Recognize and Resist

Resisting diet culture involves education, awareness, and acceptance of the fact that bodies can be healthy (and unhealthy) in any shape and size. Learning how to spot these unhelpful messages and ideals is a great place to start. Once you realize you’re actually reading, seeing, or listening to messages related to diet culture, you can tune them out completely, knowing their true harmful nature.

Prune the social media accounts you follow to minimize diet culture messaging in your feeds.

To this effect, it may also be helpful to go through your social media feeds with an eye toward pruning. Unfollowing accounts that regularly promote diet or diet culture ideals is an easy way to reduce these messages in your daily life, and you can also look for accounts that promote true body positivity and well-being.

Change Your Perspective

Just as diet culture uses certain words to create a black and white world where there is only one “ideal” body, you can use your own terms to reintroduce shades of gray to the conversation.

It may feel almost ingrained to comment on someone else’s body or looks, but even complimenting someone on losing weight or “looking skinny” can reinforce diet culture ideals. Instead, try to focus on comments about someone’s achievements or step back from talking about body- or weight-related topics all together.
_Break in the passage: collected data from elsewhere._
lemma factors_C4_of_tables:
  fixes U V :: "nat \<Rightarrow> nat \<Rightarrow> nat \<Rightarrow> real" and W :: "nat \<Rightarrow> nat \<Rightarrow> real"
  assumes "r2 \<ge> 1" "r4 \<ge> 1"
    and U_pos: "\<forall>c\<in>{1..r2}. \<forall>a\<in>{1,2}. \<forall>b\<in>{1,2}. 0 < U c a b"
    and V_pos: "\<forall>d\<in>{1..r4}. \<forall>a\<in>{1,2}. \<forall>b\<in>{1,2}. 0 < V d a b"
    and W_pos: "\<forall>a\<in>{1,2}. \<forall>b\<in>{1,2}. 0 < W a b"
    and U_cr: "\<forall>c\<in>{1..r2}. diag_prod (U c) = \<kappa> * antidiag_prod (U c)"
    and V_cr: "\<forall>d\<in>{1..r4}. diag_prod (V d) = \<mu> * antidiag_prod (V d)"
    and cross_ratios: "\<kappa> * \<mu> * antidiag_prod W = diag_prod W"
  shows "factors_C4 r2 r4 (\<lambda>a c b d. U c a b * V d a b / W a b)"
proof -
  define R where "R = (\<lambda>a c b d. U c a b * V d a b / W a b)"
  have R_pos: "0 < R a c b d" if "in_space r2 r4 a c b d" for a c b d
  proof -
    have "a \<in> {1,2}" "c \<in> {1..r2}" "b \<in> {1,2}" "d \<in> {1..r4}" using that by (simp_all add: in_space_iff)
    then have "0 < U c a b" "0 < V d a b" "0 < W a b" using U_pos V_pos W_pos by blast+
    then show ?thesis by (simp add: R_def)
  qed
  \<comment> \<open>The cross ratios of U and V multiply to that of W, so R has cross ratio 1 in (X1,X3).\<close>
  have R_cross: "R 1 c 1 d * R 2 c 2 d = R 1 c 2 d * R 2 c 1 d"
    if "c \<in> {1..r2}" "d \<in> {1..r4}" for c d
  proof -
    have "diag_prod W > 0" "antidiag_prod W > 0"
      using W_pos by (simp_all add: diag_prod_def antidiag_prod_def)
    have "R 1 c 1 d * R 2 c 2 d = diag_prod (U c) * diag_prod (V d) / diag_prod W"
      by (simp add: R_def diag_prod_def mult_ac)
    also have "\<dots> = \<kappa> * \<mu> * antidiag_prod (U c) * antidiag_prod (V d) / diag_prod W"
      using U_cr V_cr that by (simp add: mult_ac)
    also have "\<dots> = antidiag_prod (U c) * antidiag_prod (V d) / antidiag_prod W"
      using cross_ratios \<open>diag_prod W > 0\<close> \<open>antidiag_prod W > 0\<close> by (simp add: field_simps)
    also have "\<dots> = R 1 c 2 d * R 2 c 1 d"
      by (simp add: R_def antidiag_prod_def mult_ac)
    finally show ?thesis .
  qed
  have "factors_C4 r2 r4 R"
  proof (rule factors_C4_if_positive[OF R_pos \<open>r2 \<ge> 1\<close> \<open>r4 \<ge> 1\<close>])
    show "R a c b d * R a 1 b 1 = R a c b 1 * R a 1 b d" for a c b d
      by (simp add: R_def mult_ac)
    show "R a c b d * R 1 c 1 d = R a c 1 d * R 1 c b d" if "in_space r2 r4 a c b d" for a c b d
      using that R_cross[of c d] by (auto simp: in_space_iff mult.commute)
  qed
  then show ?thesis unfolding R_def .
qed

lemma closure_model_C4_if_cross_ratio_limits:
  fixes u v :: "nat \<Rightarrow> nat \<Rightarrow> nat \<Rightarrow> real" and W :: "nat \<Rightarrow> nat \<Rightarrow> real"
  assumes dist: "is_dist r2 r4 p"
    and W_pos: "\<forall>a\<in>{1,2}. \<forall>b\<in>{1,2}. 0 < W a b"
    and factorization: "\<And>a c b d. in_space r2 r4 a c b d \<Longrightarrow> p a c b d * W a b = u c a b * v d a b"
    and u_lim: "\<forall>c\<in>{1..r2}. cross_ratio_limit \<kappa> (u c)"
    and v_lim: "\<forall>d\<in>{1..r4}. cross_ratio_limit \<mu> (v d)"
    and cross_ratios: "\<forall>n. \<kappa> n * \<mu> n * antidiag_prod W = diag_prod W"
  shows "closure_model_C4 r2 r4 p"
proof -
  from bchoice[OF u_lim[unfolded cross_ratio_limit_def]] obtain U where
    U: "\<forall>c\<in>{1..r2}. (\<forall>n. \<forall>a\<in>{1,2}. \<forall>b\<in>{1,2}. 0 < U c n a b) \<and>
         (\<forall>n. diag_prod (U c n) = \<kappa> n * antidiag_prod (U c n)) \<and>
         (\<forall>a\<in>{1,2}. \<forall>b\<in>{1,2}. (\<lambda>n. U c n a b) \<longlonglongrightarrow> u c a b)" ..
  from bchoice[OF v_lim[unfolded cross_ratio_limit_def]] obtain V where
    V: "\<forall>d\<in>{1..r4}. (\<forall>n. \<forall>a\<in>{1,2}. \<forall>b\<in>{1,2}. 0 < V d n a b) \<and>
         (\<forall>n. diag_prod (V d n) = \<mu> n * antidiag_prod (V d n)) \<and>
         (\<forall>a\<in>{1,2}. \<forall>b\<in>{1,2}. (\<lambda>n. V d n a b) \<longlonglongrightarrow> v d a b)" ..
  define R where "R n a c b d = U c n a b * V d n a b / W a b" for n a c b d
  have "r2 \<ge> 1" "r4 \<ge> 1" using is_dist_dims_pos[OF dist] .
  have R_factors: "factors_C4 r2 r4 (R n)" for n
    unfolding R_def using \<open>r2 \<ge> 1\<close> \<open>r4 \<ge> 1\<close> U V W_pos cross_ratios
    by (intro factors_C4_of_tables[where U="\<lambda>c. U c n" and V="\<lambda>d. V d n"]) auto
  have R_pos: "0 < R n a c b d" if "in_space r2 r4 a c b d" for n a c b d
  proof -
    have "a \<in> {1,2}" "c \<in> {1..r2}" "b \<in> {1,2}" "d \<in> {1..r4}" using that by (simp_all add: in_space_iff)
    then have "0 < U c n a b" "0 < V d n a b" "0 < W a b" using U V W_pos by blast+
    then show ?thesis by (simp add: R_def)
  qed
  have R_lim: "(\<lambda>n. R n a c b d) \<longlonglongrightarrow> p a c b d" if "in_space r2 r4 a c b d" for a c b d
  proof -
    have "a \<in> {1,2}" "b \<in> {1,2}" using that by (simp_all add: in_space_iff)
    then have "W a b > 0" using W_pos by blast
    have "(\<lambda>n. R n a c b d) \<longlonglongrightarrow> u c a b * v d a b / W a b"
      unfolding R_def using that U V \<open>W a b > 0\<close>
      by (intro tendsto_intros) (auto simp: in_space_iff)
    also have "u c a b * v d a b / W a b = p a c b d"
      using factorization[OF that] \<open>W a b > 0\<close> by (simp add: field_simps)
    finally show ?thesis .
  qed
  show ?thesis by (rule closure_model_C4_if_limit_of_factored[OF dist R_pos R_factors R_lim])
qed

section \<open>Marginal tables\<close>

lemma marginals_nonneg:
  assumes nonneg: "\<forall>a c b d. in_space r2 r4 a c b d \<longrightarrow> 0 \<le> p a c b d"
    and "a \<in> {1,2}" "b \<in> {1,2}"
  shows "c \<in> {1..r2} \<Longrightarrow> 0 \<le> marg123 r4 p c a b"
    and "d \<in> {1..r4} \<Longrightarrow> 0 \<le> marg134 r2 p d a b"
    and "0 \<le> marg13 r2 r4 p a b"
  using assms unfolding marg123_def marg134_def marg13_def
  by (auto intro!: sum_nonneg nonneg[rule_format] simp: in_space_iff)

lemma le_marginals:
  assumes nonneg: "\<forall>a c b d. in_space r2 r4 a c b d \<longrightarrow> 0 \<le> p a c b d"
    and "in_space r2 r4 a c b d"
  shows "p a c b d \<le> marg123 r4 p c a b" and "p a c b d \<le> marg134 r2 p d a b"
  using assms unfolding marg123_def marg134_def
  by (auto intro!: member_le_sum nonneg[rule_format] simp: in_space_iff)

lemma marg13_eq_0_imp:
  assumes nonneg: "\<forall>a c b d. in_space r2 r4 a c b d \<longrightarrow> 0 \<le> p a c b d"
    and "a \<in> {1,2}" "b \<in> {1,2}" and "marg13 r2 r4 p a b = 0"
  shows "c \<in> {1..r2} \<Longrightarrow> d \<in> {1..r4} \<Longrightarrow> p a c b d = 0"
    and "c \<in> {1..r2} \<Longrightarrow> marg123 r4 p c a b = 0"
    and "d \<in> {1..r4} \<Longrightarrow> marg134 r2 p d a b = 0"
proof -
  have "(\<Sum>c\<in>{1..r2}. marg123 r4 p c a b) = 0"
    using assms(4) by (simp add: marg13_def marg123_def)
  then have marg123_0: "marg123 r4 p c a b = 0" if "c \<in> {1..r2}" for c
    using sum_nonneg_eq_0_iff[of "{1..r2}" "\<lambda>c. marg123 r4 p c a b"]
      marginals_nonneg(1)[OF nonneg assms(2,3)] that by auto
  have block: "p a c b d = 0" if "c \<in> {1..r2}" "d \<in> {1..r4}" for c d
  proof -
    have "\<forall>d\<in>{1..r4}. 0 \<le> p a c b d" using nonneg assms(2,3) that(1) by (simp add: in_space_iff)
    then show ?thesis
      using marg123_0[OF that(1)] sum_nonneg_eq_0_iff[of "{1..r4}" "p a c b"] that(2)
      by (auto simp: marg123_def)
  qed
  then show "c \<in> {1..r2} \<Longrightarrow> d \<in> {1..r4} \<Longrightarrow> p a c b d = 0"
    and "c \<in> {1..r2} \<Longrightarrow> marg123 r4 p c a b = 0"
    and "d \<in> {1..r4} \<Longrightarrow> marg134 r2 p d a b = 0"
    by (simp_all add: marg123_def marg134_def)
qed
Don’t just look at exercise as a way to burn calories or lose weight.

A perspective shift on exercise can also be helpful for creating a more positive relationship with your body. Rather than look to workouts as ways to create a caloric deficit, focus on moving your body in ways you enjoy or that feel good.

And rather than thinking about all the things your body isn’t, think instead about all the wonderful things it can do. Everything from swimming to stretching to dancing and even hugging loved ones is something that can bring so much joy to this life, and our bodies should be appreciated as the vessels that make these things possible.

Do Your Research

In terms of working on more internal factors, you may want to investigate the idea of intuitive eating. This philosophy promotes a more natural and healthy relationship with eating and doesn’t paint any meals or ingredients as inherently good or bad.

The Health at Every Size (HAES) movement has additional ideas on how to resist diet culture and better respect yourself and others.

In a culture so fixated on achieving perfection, tuning out the negative messages and embracing all the positive aspects of food, movement, and our bodies themselves may be the most radical resistance of all.


  1. Tran R. (2021, May 16). The Distasteful Truth About Diet Culture. The UCSD Guardian. Retrieved September 23, 2022.
  2. Silverstone PH. (1992). Is chronic low self-esteem the cause of eating disorders? Medical Hypotheses; 39(4):311–315.
  3. Which Diet is Right for You? (2020, July 15). Heart Foundation. Retrieved September 23, 2022.
  4. Disordered Eating & Dieting. National Eating Disorders Collaboration (NEDC). Retrieved September 23, 2022.
  5. Chastain R. (2022). Recognizing and Resisting Diet Culture. National Eating Disorders Association. Retrieved September 23, 2022.
  6. Howard CE, & Porzelius LK. (1999). The role of dieting in binge eating disorder: etiology and treatment implications. Clinical Psychology Review; 19(1):25–44.
  7. Adams M. Diet Culture and How to Spot It. Halsa Nutrition. Accessed March 2023.